So if someone already gained privileges to install anything on one of your machines, it doesn't matter what it is - this host is compromised and has to be nuked from orbit.


----------



## hardworkingnewbie (Feb 25, 2022)

eternal_noob said:


> Doesn't matter which OS you use, there even are CPU backdoors. Just relax and don't think about it, you can't change it.


Which is the reason for example why *good *cryptography libraries avoid cryptography algorithms implemented in CPU hardware, instead doing all in software only.


----------



## Crivens (Feb 25, 2022)

hardworkingnewbie said:


> Which is the reason for example why *good *cryptography libraries avoid cryptography algorithms implemented in CPU hardware, instead doing all in software only.

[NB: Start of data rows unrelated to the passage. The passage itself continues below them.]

(* Let $t_1,\dots,t_d$ be positive integers with $t_i\le n_i$ for all $i$ and $t_1=t_2\cdots t_d$, let $H$ be the stabilizer of $T=\sum_{\beta_2,\dots,\beta_d} e_1^{\iota(\beta_2,\dots,\beta_d)}\otimes e_2^{\beta_2}\otimes\cdots\otimes e_d^{\beta_d}$, so $\Lambda_{t_1\dots t_d}=G/H$. Then $G/H$ is reductive if and only if $n_i=t_i$ for all $i=1,\dots,d$. Moreover, in that case the orthogonal complement $\mathfrak{m}$ of $\mathfrak{h}$ in $\mathfrak{g}$ (with respect to $\langle Z,Z'\rangle=\sum_i\mathrm{tr}(Z_iZ_i'^{\mathsf T})$) satisfies $h\mathfrak{m}h^{-1}\subset\mathfrak{m}$ for all $h\in H$.
   Context: Fix integers $d\ge 3$ and $n_1,\dots,n_d\ge 2$. $V=\mathbb{R}^{n_1}\otimes\cdots\otimes\mathbb{R}^{n_d}$, and $G=\mathrm{GL}(n_1)\times\cdots\times\mathrm{GL}(n_d)$ acts on $V$ by $(g_1,\dots,g_d)\cdot(v_1\otimes\cdots\otimes v_d)=(g_1v_1)\otimes\cdots\otimes(g_dv_d)$, extended linearly. $e_i^1,\dots,e_i^{n_i}$ is the standard basis of $\mathbb{R}^{n_i}$. $\iota:[t_2]\times\cdots\times[t_d]\to[t_1]$ is the lexicographic bijection with $\beta_2$ most significant. $\mathfrak{g}=\mathfrak{gl}(n_1)\times\cdots\times\mathfrak{gl}(n_d)$ is the Lie algebra of $G$, $\mathfrak{h}$ the Lie algebra of $H$, and $H$ acts on $\mathfrak{g}$ by $hZh^{-1}=(h_iZ_ih_i^{-1})_i$. A homogeneous space $G/H$ is called reductive if there exists a linear subspace $\mathfrak{p}\subset\mathfrak{g}$ with $\mathfrak{p}\oplus\mathfrak{h}=\mathfrak{g}$ and $h\mathfrak{p}h^{-1}\subset\mathfrak{p}$ for all $h\in H$. *)

theory Defs
  imports Complex_Main "HOL-Library.FuncSet"
begin

text \<open>Tensor factors are indexed by 1..d. Square matrices of size m are
functions nat => nat => real that vanish outside the index range {0..<m}
(0-based, so the basis vector e_i^k of the paper is index k-1 here).
An element of G, g, or of any subset of them is a tuple Z :: nat => (nat => nat => real)
with Z i an n_i x n_i matrix for i in 1..d and Z i = 0 for i outside 1..d.\<close>

definition mats :: "nat \<Rightarrow> (nat \<Rightarrow> nat \<Rightarrow> real) set" where
  "mats m = {A. \<forall>a b. (m \<le> a \<or> m \<le> b) \<longrightarrow> A a b = 0}"

definition mmul :: "nat \<Rightarrow> (nat \<Rightarrow> nat \<Rightarrow> real) \<Rightarrow> (nat \<Rightarrow> nat \<Rightarrow> real) \<Rightarrow> (nat \<Rightarrow> nat \<Rightarrow> real)" where
  "mmul m A B = (\<lambda>a b. if a < m \<and> b < m then (\<Sum>c<m. A a c * B c b) else 0)"

definition mid :: "nat \<Rightarrow> (nat \<Rightarrow> nat \<Rightarrow> real)" where
  "mid m = (\<lambda>a b. if a < m \<and> b < m \<and> a = b then 1 else 0)"

definition minvertible :: "nat \<Rightarrow> (nat \<Rightarrow> nat \<Rightarrow> real) \<Rightarrow> bool" where
  "minvertible m A \<longleftrightarrow> (\<exists>B\<in>mats m. mmul m A B = mid m \<and> mmul m B A = mid m)"

definition minv :: "nat \<Rightarrow> (nat \<Rightarrow> nat \<Rightarrow> real) \<Rightarrow> (nat \<Rightarrow> nat \<Rightarrow> real)" where
  "minv m A = (THE B. B \<in> mats m \<and> mmul m A B = mid m \<and> mmul m B A = mid m)"

fun mpow :: "nat \<Rightarrow> (nat \<Rightarrow> nat \<Rightarrow> real) \<Rightarrow> nat \<Rightarrow> (nat \<Rightarrow> nat \<Rightarrow> real)" where
  "mpow m A 0 = mid m"
| "mpow m A (Suc k) = mmul m (mpow m A k) A"

definition mexp :: "nat \<Rightarrow> (nat \<Rightarrow> nat \<Rightarrow> real) \<Rightarrow> (nat \<Rightarrow> nat \<Rightarrow> real)" where
  "mexp m A = (\<lambda>a b. if a < m \<and> b < m then (\<Sum>k. mpow m A k a b / fact k) else 0)"

definition gl_alg :: "nat \<Rightarrow> (nat \<Rightarrow> nat) \<Rightarrow> (nat \<Rightarrow> nat \<Rightarrow> nat \<Rightarrow> real) set" where
  "gl_alg d n = {Z. \<forall>i. (i \<in> {1..d} \<longrightarrow> Z i \<in> mats (n i)) \<and> (i \<notin> {1..d} \<longrightarrow> Z i = (\<lambda>a b. 0))}"

definition GLprod :: "nat \<Rightarrow> (nat \<Rightarrow> nat) \<Rightarrow> (nat \<Rightarrow> nat \<Rightarrow> nat \<Rightarrow> real) set" where
  "GLprod d n = {g \<in> gl_alg d n. \<forall>i\<in>{1..d}. minvertible (n i) (g i)}"

definition tidx :: "nat \<Rightarrow> (nat \<Rightarrow> nat) \<Rightarrow> (nat \<Rightarrow> nat) set" where
  "tidx d n = PiE {1..d} (\<lambda>i. {..<n i})"

definition tact :: "nat \<Rightarrow> (nat \<Rightarrow> nat) \<Rightarrow> (nat \<Rightarrow> nat \<Rightarrow> nat \<Rightarrow> real)
     \<Rightarrow> ((nat \<Rightarrow> nat) \<Rightarrow> real) \<Rightarrow> ((nat \<Rightarrow> nat) \<Rightarrow> real)" where
  "tact d n g T = (\<lambda>\<alpha>. \<Sum>\<beta>\<in>tidx d n. (\<Prod>i\<in>{1..d}. g i (\<alpha> i) (\<beta> i)) * T \<beta>)"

That is not the point of such a backdoor. That backdoor will silently kick your user process to kernel level upon seeing certain magic instructions.


----------



## grahamperrin@ (Mar 3, 2022)

eternal_noob said:


> … CPU backdoors. Just …



Tangent: Dan Luu's works are outstandingly readable.


----------



## Jose (Mar 3, 2022)

eternal_noob said:


> Doesn't matter which OS you use, there even are CPU backdoors. Just relax and don't think about it, you can't change it.


RISC-V FTW!


----------



## covacat (Mar 3, 2022)

Jose said:


> RISC-V FTW!


risc v socs wont be any better than the arm ones
you won't know what shit they will put inside (can't wait for the broadcom version )


----------



## Jose (Mar 3, 2022)

covacat said:


> risc v socs wont be any better than the arm ones
> you won't know what shit they will put inside (can't wait for the broadcom version )


You're probably right in that it will only allow state-level actors to have verifiably backdoor-free hardware. It's still a start.


----------